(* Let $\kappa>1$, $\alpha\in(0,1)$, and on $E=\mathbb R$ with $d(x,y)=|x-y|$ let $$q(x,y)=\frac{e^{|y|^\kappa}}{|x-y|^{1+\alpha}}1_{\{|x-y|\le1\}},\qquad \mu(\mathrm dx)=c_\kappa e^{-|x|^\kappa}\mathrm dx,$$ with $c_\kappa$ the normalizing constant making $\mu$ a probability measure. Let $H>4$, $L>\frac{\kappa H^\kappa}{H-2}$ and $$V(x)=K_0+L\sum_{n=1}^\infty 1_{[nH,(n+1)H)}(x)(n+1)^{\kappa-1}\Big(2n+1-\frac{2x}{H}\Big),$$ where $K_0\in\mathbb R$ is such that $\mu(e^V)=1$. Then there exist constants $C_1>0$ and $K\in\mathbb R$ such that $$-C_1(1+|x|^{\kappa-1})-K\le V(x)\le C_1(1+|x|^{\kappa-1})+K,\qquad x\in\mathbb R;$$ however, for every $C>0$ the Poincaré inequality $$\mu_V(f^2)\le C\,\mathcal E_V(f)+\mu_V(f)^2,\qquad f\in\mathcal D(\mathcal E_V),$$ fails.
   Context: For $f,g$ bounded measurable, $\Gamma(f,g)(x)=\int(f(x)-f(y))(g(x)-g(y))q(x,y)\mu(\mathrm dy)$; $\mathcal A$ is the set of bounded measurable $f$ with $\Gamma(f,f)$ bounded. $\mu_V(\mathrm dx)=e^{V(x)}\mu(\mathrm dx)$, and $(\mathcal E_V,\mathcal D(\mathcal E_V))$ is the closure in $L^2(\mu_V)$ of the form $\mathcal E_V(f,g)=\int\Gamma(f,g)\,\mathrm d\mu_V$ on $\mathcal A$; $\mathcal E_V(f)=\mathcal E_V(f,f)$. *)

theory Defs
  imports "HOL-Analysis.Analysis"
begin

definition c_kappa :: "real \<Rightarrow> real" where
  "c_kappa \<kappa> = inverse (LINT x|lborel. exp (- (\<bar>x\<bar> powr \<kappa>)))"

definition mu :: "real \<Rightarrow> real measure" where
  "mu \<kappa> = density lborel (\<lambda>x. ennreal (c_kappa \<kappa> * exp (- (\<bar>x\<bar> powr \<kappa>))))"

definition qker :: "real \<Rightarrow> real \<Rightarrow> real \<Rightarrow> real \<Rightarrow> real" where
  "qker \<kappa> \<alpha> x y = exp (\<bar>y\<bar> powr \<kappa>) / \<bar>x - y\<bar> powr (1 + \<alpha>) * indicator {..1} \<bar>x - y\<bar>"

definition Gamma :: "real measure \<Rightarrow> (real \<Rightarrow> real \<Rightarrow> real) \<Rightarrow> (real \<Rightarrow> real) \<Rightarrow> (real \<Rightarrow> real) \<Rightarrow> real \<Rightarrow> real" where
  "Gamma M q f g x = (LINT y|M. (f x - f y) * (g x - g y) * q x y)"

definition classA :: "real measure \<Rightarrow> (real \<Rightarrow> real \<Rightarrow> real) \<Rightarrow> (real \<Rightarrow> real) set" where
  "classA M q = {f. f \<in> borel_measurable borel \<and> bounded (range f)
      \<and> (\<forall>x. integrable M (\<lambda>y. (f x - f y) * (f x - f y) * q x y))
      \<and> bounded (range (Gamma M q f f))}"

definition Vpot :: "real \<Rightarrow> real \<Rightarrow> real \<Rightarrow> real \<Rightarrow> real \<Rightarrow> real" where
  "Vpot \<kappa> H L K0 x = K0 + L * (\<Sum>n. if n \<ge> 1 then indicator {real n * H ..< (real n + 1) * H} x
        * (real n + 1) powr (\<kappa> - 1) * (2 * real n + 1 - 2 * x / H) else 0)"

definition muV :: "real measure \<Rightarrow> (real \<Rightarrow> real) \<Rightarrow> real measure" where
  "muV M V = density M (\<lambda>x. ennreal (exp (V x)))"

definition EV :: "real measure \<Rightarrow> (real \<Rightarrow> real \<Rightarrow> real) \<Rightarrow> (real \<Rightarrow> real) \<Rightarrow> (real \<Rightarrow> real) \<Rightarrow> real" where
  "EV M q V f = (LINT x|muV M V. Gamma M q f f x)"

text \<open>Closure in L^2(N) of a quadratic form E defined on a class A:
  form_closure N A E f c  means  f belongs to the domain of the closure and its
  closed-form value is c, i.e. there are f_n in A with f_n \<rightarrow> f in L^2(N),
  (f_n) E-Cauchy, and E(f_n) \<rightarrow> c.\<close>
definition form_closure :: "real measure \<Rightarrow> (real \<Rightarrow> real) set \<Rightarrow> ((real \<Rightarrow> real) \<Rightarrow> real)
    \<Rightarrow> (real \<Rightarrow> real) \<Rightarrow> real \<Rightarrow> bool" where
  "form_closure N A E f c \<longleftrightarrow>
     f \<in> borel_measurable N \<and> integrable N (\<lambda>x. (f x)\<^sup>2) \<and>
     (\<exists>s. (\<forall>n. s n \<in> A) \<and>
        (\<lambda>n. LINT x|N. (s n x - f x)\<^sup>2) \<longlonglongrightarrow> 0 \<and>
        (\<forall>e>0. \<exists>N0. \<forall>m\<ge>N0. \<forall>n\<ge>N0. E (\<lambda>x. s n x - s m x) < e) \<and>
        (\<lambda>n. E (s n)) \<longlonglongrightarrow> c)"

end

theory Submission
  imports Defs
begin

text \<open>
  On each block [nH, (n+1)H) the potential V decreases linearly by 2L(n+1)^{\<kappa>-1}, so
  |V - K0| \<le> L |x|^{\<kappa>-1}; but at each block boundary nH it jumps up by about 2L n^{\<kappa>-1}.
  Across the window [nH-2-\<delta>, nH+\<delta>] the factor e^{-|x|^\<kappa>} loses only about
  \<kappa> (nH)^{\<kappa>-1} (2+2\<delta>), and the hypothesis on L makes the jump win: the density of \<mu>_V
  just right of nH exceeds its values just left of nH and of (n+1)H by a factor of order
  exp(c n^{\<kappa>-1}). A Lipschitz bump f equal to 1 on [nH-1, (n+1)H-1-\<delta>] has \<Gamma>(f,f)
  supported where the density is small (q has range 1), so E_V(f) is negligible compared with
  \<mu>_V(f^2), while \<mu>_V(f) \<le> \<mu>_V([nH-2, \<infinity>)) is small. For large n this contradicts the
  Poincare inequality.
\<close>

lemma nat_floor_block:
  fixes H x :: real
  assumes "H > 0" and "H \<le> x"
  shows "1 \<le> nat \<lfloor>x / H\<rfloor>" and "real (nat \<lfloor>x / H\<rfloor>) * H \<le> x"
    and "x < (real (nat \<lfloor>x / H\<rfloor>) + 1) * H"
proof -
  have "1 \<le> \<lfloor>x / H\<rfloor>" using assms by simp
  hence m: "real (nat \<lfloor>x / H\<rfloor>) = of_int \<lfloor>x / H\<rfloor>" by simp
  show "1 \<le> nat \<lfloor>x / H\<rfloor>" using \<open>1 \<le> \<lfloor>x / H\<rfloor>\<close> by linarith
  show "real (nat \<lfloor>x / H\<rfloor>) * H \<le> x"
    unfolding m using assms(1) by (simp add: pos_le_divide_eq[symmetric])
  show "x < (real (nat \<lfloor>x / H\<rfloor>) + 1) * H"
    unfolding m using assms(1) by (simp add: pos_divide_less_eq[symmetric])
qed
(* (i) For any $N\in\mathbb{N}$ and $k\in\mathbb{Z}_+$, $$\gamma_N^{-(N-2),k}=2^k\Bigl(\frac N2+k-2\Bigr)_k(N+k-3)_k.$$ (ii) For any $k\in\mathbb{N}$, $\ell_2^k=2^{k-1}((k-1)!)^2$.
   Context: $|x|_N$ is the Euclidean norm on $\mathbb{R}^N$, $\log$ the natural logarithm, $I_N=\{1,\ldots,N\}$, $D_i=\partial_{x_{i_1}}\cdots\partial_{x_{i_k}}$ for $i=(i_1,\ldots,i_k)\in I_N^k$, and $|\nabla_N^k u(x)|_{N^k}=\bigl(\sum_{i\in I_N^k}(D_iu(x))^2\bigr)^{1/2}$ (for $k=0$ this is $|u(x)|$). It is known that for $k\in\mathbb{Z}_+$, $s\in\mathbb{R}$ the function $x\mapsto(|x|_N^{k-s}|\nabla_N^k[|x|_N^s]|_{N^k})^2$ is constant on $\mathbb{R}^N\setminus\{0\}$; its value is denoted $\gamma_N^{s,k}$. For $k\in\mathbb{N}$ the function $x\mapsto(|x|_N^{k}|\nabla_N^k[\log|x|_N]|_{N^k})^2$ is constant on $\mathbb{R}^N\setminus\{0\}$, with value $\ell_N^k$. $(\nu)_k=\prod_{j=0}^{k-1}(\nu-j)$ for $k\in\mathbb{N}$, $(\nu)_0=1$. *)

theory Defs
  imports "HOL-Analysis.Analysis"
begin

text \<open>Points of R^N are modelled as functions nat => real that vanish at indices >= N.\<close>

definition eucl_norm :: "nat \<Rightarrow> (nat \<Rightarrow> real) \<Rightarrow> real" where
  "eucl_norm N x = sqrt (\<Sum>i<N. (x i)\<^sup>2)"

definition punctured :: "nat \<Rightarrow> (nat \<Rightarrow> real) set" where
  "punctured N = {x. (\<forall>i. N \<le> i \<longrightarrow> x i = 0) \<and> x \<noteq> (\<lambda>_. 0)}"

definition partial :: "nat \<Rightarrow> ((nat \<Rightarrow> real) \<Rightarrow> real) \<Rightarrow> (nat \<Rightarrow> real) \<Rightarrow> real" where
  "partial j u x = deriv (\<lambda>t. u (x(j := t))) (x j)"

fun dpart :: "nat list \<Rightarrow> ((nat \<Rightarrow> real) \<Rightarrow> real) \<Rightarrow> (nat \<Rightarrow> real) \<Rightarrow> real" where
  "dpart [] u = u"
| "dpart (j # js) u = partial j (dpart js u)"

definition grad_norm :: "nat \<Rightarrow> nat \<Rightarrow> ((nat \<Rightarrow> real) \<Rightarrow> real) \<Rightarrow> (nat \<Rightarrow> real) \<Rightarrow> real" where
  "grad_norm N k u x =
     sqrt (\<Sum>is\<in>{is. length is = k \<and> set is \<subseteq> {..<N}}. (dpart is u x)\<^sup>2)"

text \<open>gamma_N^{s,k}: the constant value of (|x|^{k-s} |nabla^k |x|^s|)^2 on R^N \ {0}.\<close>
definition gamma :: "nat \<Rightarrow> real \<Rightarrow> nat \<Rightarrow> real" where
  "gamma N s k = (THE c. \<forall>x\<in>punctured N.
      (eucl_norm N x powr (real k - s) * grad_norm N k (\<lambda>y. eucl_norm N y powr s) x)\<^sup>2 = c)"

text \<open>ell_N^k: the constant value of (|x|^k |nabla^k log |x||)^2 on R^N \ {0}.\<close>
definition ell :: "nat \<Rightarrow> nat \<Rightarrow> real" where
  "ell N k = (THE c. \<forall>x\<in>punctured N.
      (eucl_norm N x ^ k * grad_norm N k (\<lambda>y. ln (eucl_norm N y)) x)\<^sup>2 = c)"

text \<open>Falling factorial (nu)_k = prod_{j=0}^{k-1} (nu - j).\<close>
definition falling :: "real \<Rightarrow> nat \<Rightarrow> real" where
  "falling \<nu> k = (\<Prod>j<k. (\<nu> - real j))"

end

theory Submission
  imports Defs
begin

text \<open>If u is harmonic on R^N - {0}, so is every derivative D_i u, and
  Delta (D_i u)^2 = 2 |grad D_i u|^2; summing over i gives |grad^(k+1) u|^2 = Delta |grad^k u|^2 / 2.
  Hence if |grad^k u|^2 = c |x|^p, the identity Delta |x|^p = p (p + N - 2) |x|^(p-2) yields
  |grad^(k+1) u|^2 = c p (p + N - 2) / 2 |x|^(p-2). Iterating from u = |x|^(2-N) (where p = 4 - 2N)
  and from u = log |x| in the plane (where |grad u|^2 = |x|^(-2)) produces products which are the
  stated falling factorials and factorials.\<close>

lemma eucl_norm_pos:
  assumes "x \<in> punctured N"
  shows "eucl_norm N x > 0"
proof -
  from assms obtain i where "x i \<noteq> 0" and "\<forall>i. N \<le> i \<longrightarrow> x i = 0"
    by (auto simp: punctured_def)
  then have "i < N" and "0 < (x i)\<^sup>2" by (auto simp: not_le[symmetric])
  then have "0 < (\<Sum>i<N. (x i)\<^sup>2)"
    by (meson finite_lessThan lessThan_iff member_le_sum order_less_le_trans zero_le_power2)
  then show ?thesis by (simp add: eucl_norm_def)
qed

════════

Only the lines containing "ennreal" are needed; pull them out of the listing.

§ **Written answer**:
  "mu \<kappa> = density lborel (\<lambda>x. ennreal (c_kappa \<kappa> * exp (- (\<bar>x\<bar> powr \<kappa>))))"
  "muV M V = density M (\<lambda>x. ennreal (exp (V x)))"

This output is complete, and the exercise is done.